In this case, Starling got in to the habit of plucking her eyebrows and extra hair from her body to look neat and clean like other women, but she didn't realize she was getting obsessed with this habit.

"I've always obsessed about plucking my eyebrows," Starling said in a Daily Mail report.

"I wanted to get the shape just right and would spend ages plucking out the tiny hairs until they were perfect. Like all young women I wanted to look my best," she added.

She was just 16 when she became a mother and gave birth to a girl in her toilet. She had no idea about her pregnancy and felt she was just constipated.

"I'd had a bad stomach all day and thought I was constipated. I pushed and heard a cry," Starling said.

"When I looked down the toilet there was a baby. I was so shocked I screamed for my mum and she scooped it out," she added.

She explained that she was too young to recognize the signs of pregnancy. Starling and her 17-year-old boyfriend took the decision of looking after their baby.

The couple broke up when the baby, Lousie, was 18-months-old and she met her present fiancé Martin Thompson.

Starling spent all her time looking after her baby, the problem started when her daughter turned four and started schooling. Starling started plucking her eyebrows in order to avoid panicking and worrying about her daughter that is how her addiction started.

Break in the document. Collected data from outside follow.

(* Let $\mathcal{R}$ be a finite valuation ring of order $q^r$, where $q$ is a power of an odd prime. There is an absolute-type constant $C>0$, depending only on $n$, such that for every integer $n>1$ and every set $\mathcal{A}\subset\mathcal{R}$ with $|\mathcal{A}|\ge 2q^{r-1}$, \[\max\left\{ |n\mathcal{A}^2|,\ |\mathcal{A}+\mathcal{A}|\right\}\ \ge\ C\min\left\{ q^{\frac{r}{n}}|\mathcal{A}|^{\frac{n-1}{n}},\ \frac{|\mathcal{A}|^{\frac{3n-2}{n}}}{q^{\frac{(n-1)(2r-1)}{n}}}\right\}.\]
   Context: A finite valuation ring is a finite, local, principal commutative ring with identity. Its unique maximal ideal is $(z)$ for a uniformizer $z$; the residue field $\mathcal{R}/(z)$ has $q$ elements; $r$ is the smallest positive integer with $z^r=0$; then $|\mathcal{R}|=q^r$ and $|(z)|=q^{r-1}$. For $\mathcal{A}\subset\mathcal{R}$: $\mathcal{A}+\mathcal{A}=\{a+b: a,b\in\mathcal{A}\}$, $\mathcal{A}^2=\{x^2: x\in\mathcal{A}\}$, and for a positive integer $n$, $n\mathcal{A}^2$ is the set of all sums $a_1+\cdots+a_n$ with $a_1,\dots,a_n\in\mathcal{A}^2$. *)

theory Defs
  imports "HOL-Algebra.Algebra" "HOL-Computational_Algebra.Primes"
begin

definition finite_valuation_ring :: "('a, 'b) ring_scheme \<Rightarrow> bool" where
  "finite_valuation_ring R \<longleftrightarrow>
     cring R \<and> finite (carrier R) \<and>
     (\<exists>!M. maximalideal M R) \<and>
     (\<forall>I. ideal I R \<longrightarrow> principalideal I R)"

definition ring_sumset :: "('a, 'b) ring_scheme \<Rightarrow> 'a set \<Rightarrow> 'a set" where
  "ring_sumset R A = {a \<oplus>\<^bsub>R\<^esub> b | a b. a \<in> A \<and> b \<in> A}"

definition sq_sumset :: "('a, 'b) ring_scheme \<Rightarrow> nat \<Rightarrow> 'a set \<Rightarrow> 'a set" where
  "sq_sumset R n A =
     {finsum R (\<lambda>i. f i \<otimes>\<^bsub>R\<^esub> f i) {..<n} | f. f \<in> {..<n} \<rightarrow> A}"

end

theory Submission
  imports Defs "HOL-Analysis.Convex"
begin

text \<open>
  Since the residue field has odd order, 2 is a unit. Put \<open>d = n - 1\<close> and regard each
  \<open>(y, w) \<in> A\<^sup>d \<times> A\<^sup>2\<close> as the sphere \<open>|x - y|\<^sup>2 + w = t\<close> in \<open>R\<^sup>d \<times> R\<close>. For \<open>w = b\<^sup>2\<close> every
  \<open>x = y + a\<close> with \<open>a \<in> A\<^sup>d\<close> lies in \<open>(A + A)\<^sup>d\<close> and has \<open>|x - y|\<^sup>2 + b\<^sup>2 \<in> n A\<^sup>2\<close>, so each sphere
  meets \<open>S = (A + A)\<^sup>d \<times> n A\<^sup>2\<close> in at least \<open>|A|\<^sup>d\<close> points. On the other hand, by Cauchy--Schwarz
  the incidences with \<open>S\<close> exceed their expected number \<open>|S| |A|\<^sup>d |A\<^sup>2| / |R|\<close> by at most the square
  root of \<open>|S|\<close> times the number of coincidences between pairs of spheres. Two spheres whose
  centres differ by a unit in some coordinate meet in at most \<open>|R|\<^sup>d\<^sup>-\<^sup>1\<close> points, since the
  difference of their equations is linear in that coordinate with unit coefficient; and only
  \<open>|M|\<^sup>d\<close> centres are congruent to a given one modulo \<open>M\<close>. With \<open>|R| = q\<^sup>r\<close>, \<open>|M| = q\<^sup>r\<^sup>-\<^sup>1\<close> and
  \<open>|A\<^sup>2| \<ge> |A|/4\<close> (squaring is at most two-to-one outside \<open>M\<close>, and \<open>|A| \<ge> 2|M|\<close>), whichever
  term of the resulting inequality dominates gives one of the two lower bounds.
\<close>

lemma even_card_involution:
  assumes "finite S"
    and "\<And>x. x \<in> S \<Longrightarrow> f x \<in> S" "\<And>x. x \<in> S \<Longrightarrow> f (f x) = x" "\<And>x. x \<in> S \<Longrightarrow> f x \<noteq> x"
  shows "even (card S)"
  using assms
proof (induction "card S" arbitrary: S rule: less_induct)
  case less
  show ?case
  proof (cases "S = {}")
    case False
    then obtain x where x: "x \<in> S"
      by auto
    define S' where "S' = S - {x, f x}"
    have fx: "f x \<in> S" "f x \<noteq> x"
      using less.prems x by auto
    then have "card S' = card S - 2"
      unfolding S'_def using less.prems(1) x by (simp add: card_Diff_subset)
    moreover have "2 \<le> card S"
      using card_mono[OF less.prems(1), of "{x, f x}"] x fx by simp
    ultimately have cS: "card S = Suc (Suc (card S'))"
      by simp
    have "even (card S')"
    proof (rule less.hyps)
      show "card S' < card S" "finite S'"
        using cS less.prems(1) unfolding S'_def by simp_all
      fix y assume "y \<in> S'"
      then have y: "y \<in> S" "y \<noteq> x" "y \<noteq> f x"
        unfolding S'_def by auto
      have "f y \<noteq> x" "f y \<noteq> f x"
        using y less.prems(3)[OF y(1)] less.prems(3)[OF x] by metis+
      then show "f y \<in> S'" "f (f y) = y" "f y \<noteq> y"
        unfolding S'_def using y less.prems(2-4) by auto
    qed
    then show ?thesis
      using cS by simp
  qed simp
qed

lemma card_filter_eq_sum_indicator:
  "finite B \<Longrightarrow> real (card {a\<in>B. Q a}) = (\<Sum>a\<in>B. if Q a then 1 else 0)"
  by (simp add: sum.inter_filter[symmetric])

lemma sum_sq_deviation:
  fixes f :: "'b \<Rightarrow> real"
  assumes "finite D" "D \<noteq> {}"
  shows "(\<Sum>x\<in>D. (f x - sum f D / card D)^2) = (\<Sum>x\<in>D. (f x)^2) - (sum f D)^2 / card D"
proof -
  define m where "m = sum f D / card D"
  have k: "real (card D) > 0"
    using assms by (simp add: card_gt_0_iff)
  have "(\<Sum>x\<in>D. (f x - m)^2) = (\<Sum>x\<in>D. (f x)^2 - 2 * m * f x + m^2)"
    by (rule sum.cong) (auto simp: power2_diff)
  also have "\<dots> = (\<Sum>x\<in>D. (f x)^2) - 2 * m * sum f D + card D * m^2"
    by (simp add: sum.distrib sum_subtractf sum_distrib_left)
  also have "\<dots> = (\<Sum>x\<in>D. (f x)^2) - (sum f D)^2 / card D"
    using k by (simp add: m_def power2_eq_square field_simps)
  finally show ?thesis
    unfolding m_def .
qed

"She had been my life, night and day, for four years ever since I was 16 years old. Because I had her at such a young age, I'd never known any other way of life - and I was totally lost without her," Starling said.

"Since I'd become an adult my job was to look after Louise. When she was at school I didn't know who I was and I started suffering severe anxiety," she added.

She started plucking her hair when she was home alone and stopped doing it when her daughter and fiancé returned home. Her habit left her with scars all over her body, on her face, stomach and even her breasts.

"I could pick at the same tiny hair for hours. It would bleed but I still got a sense of relief when I got it out," she said

She tried sharing her condition with her friends but they simply laughed at this matter. She felt nobody cared about her and carried on with her addiction.

All this continued till her fiancé's mother Kathy Thompson saw her scars and advised her to get some help as her condition was serious. She found it difficult to reveal her condition to her partner Martin.

"Telling Martin was the hardest part because I'd done such a good job of hiding it. He was devastated and begged me to get help," she said.

Starling consulted a psychologist in 2011 when she was diagnosed with the condition dermatillomania.

Her condition worsened when she started using her daughter's pencil sharpener for removing her hair after her husband took all her tweezers away. She started growing her nails too so that she could use them.

"I turned myself into a pair of human tweezers," she said.

Her fiancé was forced to leave his job as a plumbing and heating engineer and turn into a full time caretaker for her. She still has hopes of recovering from this condition with the help of counseling and the love and support of her close ones. She has started wearing clothes, which keep her covered and baths in the dark so she does not see her hair and get the urge to pluck them.